Task description. Give the number of lines below that hold the string "moreover", and nothing more.

#####

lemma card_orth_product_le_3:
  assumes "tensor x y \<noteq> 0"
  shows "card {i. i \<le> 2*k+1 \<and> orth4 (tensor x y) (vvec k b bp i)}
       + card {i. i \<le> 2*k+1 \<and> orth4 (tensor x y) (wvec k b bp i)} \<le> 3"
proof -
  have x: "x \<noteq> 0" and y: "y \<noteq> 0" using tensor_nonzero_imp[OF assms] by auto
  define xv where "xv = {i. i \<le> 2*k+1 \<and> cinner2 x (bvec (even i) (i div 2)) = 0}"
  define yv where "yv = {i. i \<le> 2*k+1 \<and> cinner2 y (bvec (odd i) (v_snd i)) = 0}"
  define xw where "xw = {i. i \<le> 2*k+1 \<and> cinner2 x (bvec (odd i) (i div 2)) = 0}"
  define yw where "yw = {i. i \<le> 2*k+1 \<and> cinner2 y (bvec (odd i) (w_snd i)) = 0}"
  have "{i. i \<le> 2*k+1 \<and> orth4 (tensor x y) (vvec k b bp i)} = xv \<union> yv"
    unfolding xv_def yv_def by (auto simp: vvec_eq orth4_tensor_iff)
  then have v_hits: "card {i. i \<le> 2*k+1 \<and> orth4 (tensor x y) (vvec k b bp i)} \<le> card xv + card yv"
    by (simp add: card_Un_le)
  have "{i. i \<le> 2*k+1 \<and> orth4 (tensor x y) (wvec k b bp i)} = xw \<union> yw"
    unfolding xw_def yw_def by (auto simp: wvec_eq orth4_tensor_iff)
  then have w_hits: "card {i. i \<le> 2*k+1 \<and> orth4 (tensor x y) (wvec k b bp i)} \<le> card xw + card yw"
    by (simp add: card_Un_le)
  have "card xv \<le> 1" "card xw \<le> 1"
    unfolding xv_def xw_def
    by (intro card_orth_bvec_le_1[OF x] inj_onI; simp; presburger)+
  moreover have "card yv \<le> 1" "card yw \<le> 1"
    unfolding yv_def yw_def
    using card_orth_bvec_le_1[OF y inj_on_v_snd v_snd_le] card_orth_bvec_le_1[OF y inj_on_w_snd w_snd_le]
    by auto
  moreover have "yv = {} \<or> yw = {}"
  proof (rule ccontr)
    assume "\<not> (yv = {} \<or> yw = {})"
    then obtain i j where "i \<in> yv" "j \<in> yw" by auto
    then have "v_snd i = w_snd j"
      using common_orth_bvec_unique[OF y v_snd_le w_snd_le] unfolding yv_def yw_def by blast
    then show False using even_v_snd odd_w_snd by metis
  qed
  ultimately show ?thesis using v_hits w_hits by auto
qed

#####

Written solution. 2